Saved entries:

------------------------------------------------------------------------

lemma homeomorphic_map_subtopology_image:
  assumes "homeomorphic_map X Y f" "S \<subseteq> topspace X"
  shows "homeomorphic_map (subtopology X S) (subtopology Y (f ` S)) f"
  using assms homeomorphic_imp_surjective_map[OF assms(1)]
  by (intro homeomorphic_map_subtopologies) auto

lemma ind_zero_clopen_refinement:
  assumes "ind_zero X" "\<And>a. a \<in> A \<Longrightarrow> openin X (W a) \<and> a \<in> W a"
  obtains U where "\<And>a. a \<in> A \<Longrightarrow> openin X (U a) \<and> closedin X (U a) \<and> a \<in> U a \<and> U a \<subseteq> W a"
proof -
  have "\<forall>a\<in>A. \<exists>U. openin X U \<and> closedin X U \<and> a \<in> U \<and> U \<subseteq> W a"
    using assms unfolding ind_zero_def by blast
  with that show thesis
    by (auto dest!: bchoice)
qed

lemma homeomorphism_extending_discrete_bijection:
  assumes cn: "collectionwise_normal X" and hom: "homogeneous_space X"
    and iz: "ind_zero X" and pD: "property_D X"
    and A: "discrete_subset X A" "A \<noteq> topspace X"
    and B: "discrete_subset X B" "B \<noteq> topspace X"
    and f: "bij_betw f A B"
  shows "\<exists>h. homeomorphic_map X X h \<and> (\<forall>a\<in>A. h a = f a)"
proof -
  have AX: "A \<subseteq> topspace X" and BX: "B \<subseteq> topspace X"
    using A(1) B(1) by (auto simp: discrete_subset_def)
  have fA: "f a \<in> B" if "a \<in> A" for a
    using f that bij_betwE by blast
  obtain p q where p: "p \<in> topspace X" "p \<notin> A" and q: "q \<in> topspace X" "q \<notin> B"
    using A B AX BX by blast
  obtain C where C: "discrete_family X A C" "\<And>a. a \<in> A \<Longrightarrow> openin X (C a) \<and> a \<in> C a"
    using collectionwise_normal_discrete_subset_expansion[OF cn A(1)] by blast
  obtain C' where C': "discrete_family X B C'" "\<And>b. b \<in> B \<Longrightarrow> openin X (C' b) \<and> b \<in> C' b"
    using collectionwise_normal_discrete_subset_expansion[OF cn B(1)] by blast
  have "\<forall>a\<in>A. \<exists>k. homeomorphic_map X X k \<and> k a = f a"
    using hom AX BX fA unfolding homogeneous_space_def by blast
  then obtain H where H: "\<And>a. a \<in> A \<Longrightarrow> homeomorphic_map X X (H a)" "\<And>a. a \<in> A \<Longrightarrow> H a a = f a"
    by (auto dest!: bchoice)
  define W where "W a = (C a - {p}) \<inter> {x \<in> topspace X. H a x \<in> C' (f a) - {q}}" for a
  have "openin X (W a) \<and> a \<in> W a" if a: "a \<in> A" for a
  proof
    have "t1_space X"
      using cn by (simp add: collectionwise_normal_def)
    then have "openin X (C a - {p})" "openin X (C' (f a) - {q})"
      using C(2)[OF a] C'(2)[OF fA[OF a]] p q by (simp_all add: openin_diff closedin_t1_singleton)
    then show "openin X (W a)"
      unfolding W_def using H(1)[OF a] homeomorphic_imp_continuous_map openin_continuous_map_preimage by blast
    show "a \<in> W a"
      using a p q C(2)[OF a] C'(2)[OF fA[OF a]] H(2)[OF a] AX fA by (auto simp: W_def)
  qed
  then obtain U where U: "\<And>a. a \<in> A \<Longrightarrow> openin X (U a) \<and> closedin X (U a) \<and> a \<in> U a \<and> U a \<subseteq> W a"
    using ind_zero_clopen_refinement[OF iz] by blast
  have UX: "U a \<subseteq> topspace X" if "a \<in> A" for a
    using U[OF that] by (auto simp: W_def)
  have "\<exists>h. homeomorphic_map X X h \<and> (\<forall>a\<in>A. \<forall>x\<in>U a. h x = H a x)"
  proof (rule property_D_discrete_family_homeomorphism_extension[OF pD _ _ p(1) _ _ _ q(1)])
    show "discrete_family X A U"
      using U by (intro discrete_family_subordinate[OF C(1), of id]) (auto simp: W_def)
    show "discrete_family X A (\<lambda>a. H a ` U a)"
      using U f fA unfolding bij_betw_def
      by (intro discrete_family_subordinate[OF C'(1), of f]) (auto simp: W_def)
    show "openin X (U a) \<and> closedin X (U a)" if "a \<in> A" for a
      using U[OF that] by blast
    show "p \<notin> (\<Union>a\<in>A. U a)"
      using U by (auto simp: W_def)
    show "openin X (H a ` U a) \<and> closedin X (H a ` U a)" if "a \<in> A" for a
      using U[OF that] homeomorphic_map_openness[OF H(1)[OF that] UX[OF that]]
        homeomorphic_map_closedness[OF H(1)[OF that] UX[OF that]] by simp
    show "q \<notin> (\<Union>a\<in>A. H a ` U a)"
      using U by (auto simp: W_def)
    show "homeomorphic_map (subtopology X (U a)) (subtopology X (H a ` U a)) (H a)" if "a \<in> A" for a
      using homeomorphic_map_subtopology_image[OF H(1)[OF that] UX[OF that]] .
  qed
  then obtain h where h: "homeomorphic_map X X h" "\<forall>a\<in>A. \<forall>x\<in>U a. h x = H a x"
    by blast
  have "h a = f a" if "a \<in> A" for a
    using h(2) U[OF that] H(2)[OF that] that by simp
  with h(1) show ?thesis
    by blast
qed

theorem mainTheorem5:
  fixes X :: "'a topology"
  assumes "collectionwise_normal X"
    and "homogeneous_space X"
    and "ind_zero X"
    and "property_D X"
  shows "sDH X"
proof -
  have "\<exists>h. homeomorphic_map X X h \<and> (\<forall>a\<in>A. h a = f a)"
    if A: "discrete_subset X A" and B: "discrete_subset X B" and f: "bij_betw f A B" for A B f
  proof (cases "A = topspace X \<or> B = topspace X")
    case True
    then have "X = discrete_topology (topspace X)"
      using A B discrete_subset_topspace_imp_discrete_topology by metis
    with assms(4) A B f True have "homeomorphic_map X X f"
      by (intro property_D_discrete_space_bijection) (auto simp: discrete_subset_def)
    then show ?thesis
      by blast
  next
    case False
    with assms A B f show ?thesis
      by (intro homeomorphism_extending_discrete_bijection) auto
  qed
  moreover have "Hausdorff_space X"
    using assms(4) by (simp add: property_D_def)
  ultimately show ?thesis
    unfolding sDH_def by blast
qed

end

------------------------------------------------------------------------

▶ EXERCISE: Each line in the records above with "assms" must be returned.

▶ WRITTEN ANSWER:
  using assms homeomorphic_imp_surjective_map[OF assms(1)]
    using assms unfolding ind_zero_def by blast
    with assms(4) A B f True have "homeomorphic_map X X f"
    with assms A B f show ?thesis
    using assms(4) by (simp add: property_D_def)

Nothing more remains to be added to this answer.